Problem statement: Repeat the stretch of entries below from the line with "The kernel k" through the line with "real \<Rightarrow> real \<Rightarrow>". Include both ends and add nothing.
┄┄┄┄┄┄┄┄┄┄
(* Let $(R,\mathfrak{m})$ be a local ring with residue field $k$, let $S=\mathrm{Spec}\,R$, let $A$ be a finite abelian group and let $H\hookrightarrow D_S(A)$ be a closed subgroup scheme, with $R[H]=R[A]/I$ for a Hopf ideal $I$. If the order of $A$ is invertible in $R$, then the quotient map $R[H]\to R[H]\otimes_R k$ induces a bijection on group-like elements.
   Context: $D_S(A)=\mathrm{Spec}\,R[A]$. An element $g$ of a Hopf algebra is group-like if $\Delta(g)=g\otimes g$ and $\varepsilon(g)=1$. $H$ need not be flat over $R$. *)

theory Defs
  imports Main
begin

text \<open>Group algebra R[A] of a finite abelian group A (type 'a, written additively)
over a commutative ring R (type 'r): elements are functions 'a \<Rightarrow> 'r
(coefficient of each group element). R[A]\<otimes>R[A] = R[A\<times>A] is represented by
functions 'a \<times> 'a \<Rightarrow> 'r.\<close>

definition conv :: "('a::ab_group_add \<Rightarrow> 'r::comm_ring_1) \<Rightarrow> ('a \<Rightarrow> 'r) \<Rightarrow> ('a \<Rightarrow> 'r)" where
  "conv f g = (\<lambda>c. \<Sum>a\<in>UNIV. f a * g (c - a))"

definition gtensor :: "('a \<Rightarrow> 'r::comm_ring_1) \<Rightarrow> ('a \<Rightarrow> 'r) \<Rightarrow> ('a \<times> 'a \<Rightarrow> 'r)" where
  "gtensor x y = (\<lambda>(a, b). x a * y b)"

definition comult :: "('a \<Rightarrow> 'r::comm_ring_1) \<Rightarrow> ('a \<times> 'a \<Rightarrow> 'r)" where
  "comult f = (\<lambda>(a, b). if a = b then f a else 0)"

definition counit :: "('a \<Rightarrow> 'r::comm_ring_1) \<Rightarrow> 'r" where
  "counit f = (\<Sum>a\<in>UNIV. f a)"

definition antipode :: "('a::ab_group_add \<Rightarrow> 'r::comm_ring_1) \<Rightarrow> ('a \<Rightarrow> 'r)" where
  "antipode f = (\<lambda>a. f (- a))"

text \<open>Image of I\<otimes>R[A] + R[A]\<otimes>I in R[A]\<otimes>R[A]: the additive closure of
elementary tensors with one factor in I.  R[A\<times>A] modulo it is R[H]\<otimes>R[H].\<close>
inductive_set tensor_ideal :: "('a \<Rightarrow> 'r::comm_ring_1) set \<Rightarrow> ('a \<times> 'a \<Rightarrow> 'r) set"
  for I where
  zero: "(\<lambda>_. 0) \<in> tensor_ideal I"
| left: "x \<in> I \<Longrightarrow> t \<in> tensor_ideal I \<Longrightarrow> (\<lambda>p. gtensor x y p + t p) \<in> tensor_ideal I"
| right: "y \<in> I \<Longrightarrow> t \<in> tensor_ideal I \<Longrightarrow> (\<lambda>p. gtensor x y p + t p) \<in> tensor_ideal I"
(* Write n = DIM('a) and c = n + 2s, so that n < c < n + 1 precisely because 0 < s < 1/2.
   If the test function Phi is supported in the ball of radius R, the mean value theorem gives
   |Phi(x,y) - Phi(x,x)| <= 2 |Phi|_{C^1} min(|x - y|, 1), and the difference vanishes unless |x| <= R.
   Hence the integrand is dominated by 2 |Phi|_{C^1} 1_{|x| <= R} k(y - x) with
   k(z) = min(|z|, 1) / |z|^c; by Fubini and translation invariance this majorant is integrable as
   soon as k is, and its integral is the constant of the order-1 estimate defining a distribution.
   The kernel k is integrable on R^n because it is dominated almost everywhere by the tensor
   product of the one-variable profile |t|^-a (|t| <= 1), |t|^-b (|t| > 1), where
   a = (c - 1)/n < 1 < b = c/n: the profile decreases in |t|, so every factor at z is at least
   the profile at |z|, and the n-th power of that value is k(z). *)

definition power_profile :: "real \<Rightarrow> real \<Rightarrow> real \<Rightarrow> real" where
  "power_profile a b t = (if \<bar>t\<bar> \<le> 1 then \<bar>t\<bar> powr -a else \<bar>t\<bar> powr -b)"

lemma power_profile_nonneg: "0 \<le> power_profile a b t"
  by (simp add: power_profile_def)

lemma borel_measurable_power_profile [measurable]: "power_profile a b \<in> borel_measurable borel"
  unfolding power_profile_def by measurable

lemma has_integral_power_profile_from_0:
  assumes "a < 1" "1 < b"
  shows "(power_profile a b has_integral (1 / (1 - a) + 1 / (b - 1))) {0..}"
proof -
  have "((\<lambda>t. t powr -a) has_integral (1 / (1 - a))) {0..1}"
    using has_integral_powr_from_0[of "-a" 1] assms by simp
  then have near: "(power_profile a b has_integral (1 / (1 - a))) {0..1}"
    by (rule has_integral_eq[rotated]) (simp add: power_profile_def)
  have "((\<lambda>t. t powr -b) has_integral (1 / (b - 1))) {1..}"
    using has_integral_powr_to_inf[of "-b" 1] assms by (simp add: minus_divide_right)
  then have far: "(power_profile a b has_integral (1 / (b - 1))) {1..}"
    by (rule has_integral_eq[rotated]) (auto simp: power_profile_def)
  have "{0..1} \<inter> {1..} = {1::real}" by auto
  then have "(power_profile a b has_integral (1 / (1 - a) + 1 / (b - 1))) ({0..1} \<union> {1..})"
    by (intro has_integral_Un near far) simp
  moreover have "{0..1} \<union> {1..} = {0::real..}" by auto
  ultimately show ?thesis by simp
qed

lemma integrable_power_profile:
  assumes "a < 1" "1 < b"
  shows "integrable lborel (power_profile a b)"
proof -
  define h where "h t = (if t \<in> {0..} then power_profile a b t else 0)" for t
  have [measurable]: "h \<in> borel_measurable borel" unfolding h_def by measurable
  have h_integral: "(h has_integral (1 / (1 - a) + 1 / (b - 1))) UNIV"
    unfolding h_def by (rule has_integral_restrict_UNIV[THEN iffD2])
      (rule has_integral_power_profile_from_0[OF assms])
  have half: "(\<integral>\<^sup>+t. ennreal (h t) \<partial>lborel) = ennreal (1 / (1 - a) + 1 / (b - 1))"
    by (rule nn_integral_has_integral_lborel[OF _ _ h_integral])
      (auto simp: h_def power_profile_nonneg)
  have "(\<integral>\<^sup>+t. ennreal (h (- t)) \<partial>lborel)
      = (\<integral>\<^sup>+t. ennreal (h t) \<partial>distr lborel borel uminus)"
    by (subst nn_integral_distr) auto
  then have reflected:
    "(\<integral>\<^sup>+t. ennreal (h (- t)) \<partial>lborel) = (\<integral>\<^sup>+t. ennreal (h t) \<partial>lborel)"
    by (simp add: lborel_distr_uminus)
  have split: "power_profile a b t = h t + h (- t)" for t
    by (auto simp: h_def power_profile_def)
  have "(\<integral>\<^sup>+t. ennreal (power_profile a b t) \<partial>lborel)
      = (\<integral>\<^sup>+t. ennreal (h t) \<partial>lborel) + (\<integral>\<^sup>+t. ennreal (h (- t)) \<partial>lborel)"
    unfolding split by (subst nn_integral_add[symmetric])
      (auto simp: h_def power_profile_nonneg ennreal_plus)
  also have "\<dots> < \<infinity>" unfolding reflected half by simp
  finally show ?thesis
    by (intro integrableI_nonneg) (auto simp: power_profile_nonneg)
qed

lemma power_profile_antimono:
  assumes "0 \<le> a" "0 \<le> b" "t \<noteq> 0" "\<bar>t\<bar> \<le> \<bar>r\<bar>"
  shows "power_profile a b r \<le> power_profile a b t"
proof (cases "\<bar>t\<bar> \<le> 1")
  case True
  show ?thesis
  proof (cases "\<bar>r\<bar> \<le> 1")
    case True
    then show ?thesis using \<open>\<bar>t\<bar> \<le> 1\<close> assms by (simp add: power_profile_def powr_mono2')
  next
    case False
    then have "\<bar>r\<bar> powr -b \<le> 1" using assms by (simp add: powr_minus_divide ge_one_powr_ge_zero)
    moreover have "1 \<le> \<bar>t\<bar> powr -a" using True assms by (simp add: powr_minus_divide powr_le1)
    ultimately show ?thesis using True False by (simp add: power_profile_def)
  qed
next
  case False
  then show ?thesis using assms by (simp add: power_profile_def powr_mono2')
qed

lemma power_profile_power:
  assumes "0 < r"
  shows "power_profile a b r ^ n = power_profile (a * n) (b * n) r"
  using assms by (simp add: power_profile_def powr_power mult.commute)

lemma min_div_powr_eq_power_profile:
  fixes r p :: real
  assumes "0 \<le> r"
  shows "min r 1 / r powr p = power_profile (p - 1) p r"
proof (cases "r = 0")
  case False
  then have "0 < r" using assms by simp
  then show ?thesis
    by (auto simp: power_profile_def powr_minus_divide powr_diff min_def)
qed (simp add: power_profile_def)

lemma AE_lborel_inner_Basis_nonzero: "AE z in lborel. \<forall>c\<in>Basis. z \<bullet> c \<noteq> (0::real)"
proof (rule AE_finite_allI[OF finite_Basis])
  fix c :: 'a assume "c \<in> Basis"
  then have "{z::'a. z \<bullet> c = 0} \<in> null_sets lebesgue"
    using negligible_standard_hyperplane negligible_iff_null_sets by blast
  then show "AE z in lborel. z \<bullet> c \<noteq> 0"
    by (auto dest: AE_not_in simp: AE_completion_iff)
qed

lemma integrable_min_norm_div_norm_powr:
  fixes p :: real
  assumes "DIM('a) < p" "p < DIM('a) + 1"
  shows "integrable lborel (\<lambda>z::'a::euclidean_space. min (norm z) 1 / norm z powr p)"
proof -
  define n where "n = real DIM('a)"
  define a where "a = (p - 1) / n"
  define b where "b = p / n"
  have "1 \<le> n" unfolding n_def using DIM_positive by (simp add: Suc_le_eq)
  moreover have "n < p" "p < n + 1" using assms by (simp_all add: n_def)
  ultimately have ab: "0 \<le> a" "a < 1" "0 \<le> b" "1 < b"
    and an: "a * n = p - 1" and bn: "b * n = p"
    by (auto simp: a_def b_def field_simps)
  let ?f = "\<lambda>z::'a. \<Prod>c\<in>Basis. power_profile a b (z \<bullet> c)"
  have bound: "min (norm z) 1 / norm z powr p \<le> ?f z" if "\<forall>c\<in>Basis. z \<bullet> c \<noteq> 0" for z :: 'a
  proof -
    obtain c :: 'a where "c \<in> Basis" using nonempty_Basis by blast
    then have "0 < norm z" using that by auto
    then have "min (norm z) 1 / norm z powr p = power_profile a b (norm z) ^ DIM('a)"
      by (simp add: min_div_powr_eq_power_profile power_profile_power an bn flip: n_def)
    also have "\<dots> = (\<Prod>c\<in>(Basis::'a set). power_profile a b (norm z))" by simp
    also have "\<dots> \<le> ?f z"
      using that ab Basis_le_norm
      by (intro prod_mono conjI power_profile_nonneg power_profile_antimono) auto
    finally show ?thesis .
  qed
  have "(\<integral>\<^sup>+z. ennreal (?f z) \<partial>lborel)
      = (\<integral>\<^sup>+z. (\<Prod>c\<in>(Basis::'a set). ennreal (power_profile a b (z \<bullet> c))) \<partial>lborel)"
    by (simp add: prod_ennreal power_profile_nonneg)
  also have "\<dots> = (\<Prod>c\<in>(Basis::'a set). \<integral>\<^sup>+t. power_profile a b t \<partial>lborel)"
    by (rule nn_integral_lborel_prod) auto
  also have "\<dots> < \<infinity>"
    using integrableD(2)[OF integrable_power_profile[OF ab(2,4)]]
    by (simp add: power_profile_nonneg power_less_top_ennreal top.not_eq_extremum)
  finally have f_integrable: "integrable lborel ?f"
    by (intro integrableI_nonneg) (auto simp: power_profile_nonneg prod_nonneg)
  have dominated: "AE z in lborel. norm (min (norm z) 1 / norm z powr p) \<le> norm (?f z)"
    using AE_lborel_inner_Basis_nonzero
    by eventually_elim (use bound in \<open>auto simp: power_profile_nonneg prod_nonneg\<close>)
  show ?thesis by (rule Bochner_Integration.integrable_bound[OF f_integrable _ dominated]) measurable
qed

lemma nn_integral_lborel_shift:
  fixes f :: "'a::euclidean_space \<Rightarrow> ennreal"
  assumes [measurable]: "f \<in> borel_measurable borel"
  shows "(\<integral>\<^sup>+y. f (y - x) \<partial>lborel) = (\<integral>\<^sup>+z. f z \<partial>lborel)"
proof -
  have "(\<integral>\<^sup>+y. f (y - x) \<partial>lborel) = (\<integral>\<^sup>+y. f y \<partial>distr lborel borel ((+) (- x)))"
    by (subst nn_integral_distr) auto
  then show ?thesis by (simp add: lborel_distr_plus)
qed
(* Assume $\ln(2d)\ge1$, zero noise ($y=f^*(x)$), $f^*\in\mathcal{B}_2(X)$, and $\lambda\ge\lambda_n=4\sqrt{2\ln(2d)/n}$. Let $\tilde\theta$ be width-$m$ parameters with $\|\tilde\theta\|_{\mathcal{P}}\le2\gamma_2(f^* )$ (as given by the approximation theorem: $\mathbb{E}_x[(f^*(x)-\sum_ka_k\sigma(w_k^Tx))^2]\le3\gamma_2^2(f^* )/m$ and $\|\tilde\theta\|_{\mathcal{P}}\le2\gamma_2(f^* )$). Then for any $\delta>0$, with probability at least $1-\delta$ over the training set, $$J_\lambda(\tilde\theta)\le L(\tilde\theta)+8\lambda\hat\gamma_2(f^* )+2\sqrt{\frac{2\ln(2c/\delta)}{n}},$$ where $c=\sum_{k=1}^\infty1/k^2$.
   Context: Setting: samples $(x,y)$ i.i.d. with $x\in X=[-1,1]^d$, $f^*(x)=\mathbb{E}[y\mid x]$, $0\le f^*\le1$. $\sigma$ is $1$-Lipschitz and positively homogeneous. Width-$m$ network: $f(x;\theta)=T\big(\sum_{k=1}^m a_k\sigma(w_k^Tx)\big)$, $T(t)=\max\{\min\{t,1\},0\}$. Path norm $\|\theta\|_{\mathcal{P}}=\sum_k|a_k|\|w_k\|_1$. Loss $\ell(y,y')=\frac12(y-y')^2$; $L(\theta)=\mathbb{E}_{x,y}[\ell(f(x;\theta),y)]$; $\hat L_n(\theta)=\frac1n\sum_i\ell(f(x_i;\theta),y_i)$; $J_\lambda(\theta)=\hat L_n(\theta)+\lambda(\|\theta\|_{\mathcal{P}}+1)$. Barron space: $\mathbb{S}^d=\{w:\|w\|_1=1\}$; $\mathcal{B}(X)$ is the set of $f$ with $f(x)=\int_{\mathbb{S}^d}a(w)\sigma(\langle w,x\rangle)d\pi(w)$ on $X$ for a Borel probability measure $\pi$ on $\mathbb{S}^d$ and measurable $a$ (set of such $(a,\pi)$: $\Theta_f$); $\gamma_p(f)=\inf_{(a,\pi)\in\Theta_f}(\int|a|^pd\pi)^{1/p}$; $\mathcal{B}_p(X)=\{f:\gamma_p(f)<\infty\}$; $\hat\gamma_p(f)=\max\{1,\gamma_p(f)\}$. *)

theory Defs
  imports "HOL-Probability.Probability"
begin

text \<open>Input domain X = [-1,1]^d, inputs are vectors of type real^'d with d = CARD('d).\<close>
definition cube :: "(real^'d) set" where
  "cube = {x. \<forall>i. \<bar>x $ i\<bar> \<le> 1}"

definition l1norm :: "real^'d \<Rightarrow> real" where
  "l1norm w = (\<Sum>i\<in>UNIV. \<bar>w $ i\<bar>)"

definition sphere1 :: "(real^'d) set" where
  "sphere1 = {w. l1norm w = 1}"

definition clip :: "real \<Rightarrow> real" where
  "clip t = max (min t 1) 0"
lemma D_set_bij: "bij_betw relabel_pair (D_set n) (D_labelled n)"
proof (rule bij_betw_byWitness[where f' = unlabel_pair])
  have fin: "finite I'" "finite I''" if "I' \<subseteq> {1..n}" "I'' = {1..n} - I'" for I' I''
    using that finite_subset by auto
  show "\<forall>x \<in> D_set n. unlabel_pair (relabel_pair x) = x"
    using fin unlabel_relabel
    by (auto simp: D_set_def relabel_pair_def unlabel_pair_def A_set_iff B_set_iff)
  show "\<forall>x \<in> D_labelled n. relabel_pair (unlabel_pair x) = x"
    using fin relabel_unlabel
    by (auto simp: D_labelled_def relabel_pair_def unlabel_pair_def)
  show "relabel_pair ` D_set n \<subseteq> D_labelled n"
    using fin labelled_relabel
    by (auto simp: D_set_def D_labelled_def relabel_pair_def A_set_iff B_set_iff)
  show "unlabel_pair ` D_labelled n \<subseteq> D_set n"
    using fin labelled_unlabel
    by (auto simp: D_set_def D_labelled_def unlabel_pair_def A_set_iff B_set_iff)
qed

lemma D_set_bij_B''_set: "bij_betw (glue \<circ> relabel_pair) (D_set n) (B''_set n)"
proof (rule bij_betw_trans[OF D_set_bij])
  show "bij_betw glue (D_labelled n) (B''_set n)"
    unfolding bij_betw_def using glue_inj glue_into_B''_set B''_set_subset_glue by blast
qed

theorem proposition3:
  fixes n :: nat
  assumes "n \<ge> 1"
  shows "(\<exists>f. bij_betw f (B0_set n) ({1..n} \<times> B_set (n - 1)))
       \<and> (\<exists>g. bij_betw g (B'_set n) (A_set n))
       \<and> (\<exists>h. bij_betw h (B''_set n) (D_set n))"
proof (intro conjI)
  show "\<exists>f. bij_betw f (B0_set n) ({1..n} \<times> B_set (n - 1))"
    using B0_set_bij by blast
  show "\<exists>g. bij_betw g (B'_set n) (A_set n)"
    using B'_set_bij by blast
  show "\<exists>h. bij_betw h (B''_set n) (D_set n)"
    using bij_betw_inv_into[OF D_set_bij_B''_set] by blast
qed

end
┄┄┄┄┄┄┄┄┄┄
Solution below:
   The kernel k is integrable on R^n because it is dominated almost everywhere by the tensor
   product of the one-variable profile |t|^-a (|t| <= 1), |t|^-b (|t| > 1), where
   a = (c - 1)/n < 1 < b = c/n: the profile decreases in |t|, so every factor at z is at least
   the profile at |z|, and the n-th power of that value is k(z). *)

definition power_profile :: "real \<Rightarrow> real \<Rightarrow> real \<Rightarrow> real" where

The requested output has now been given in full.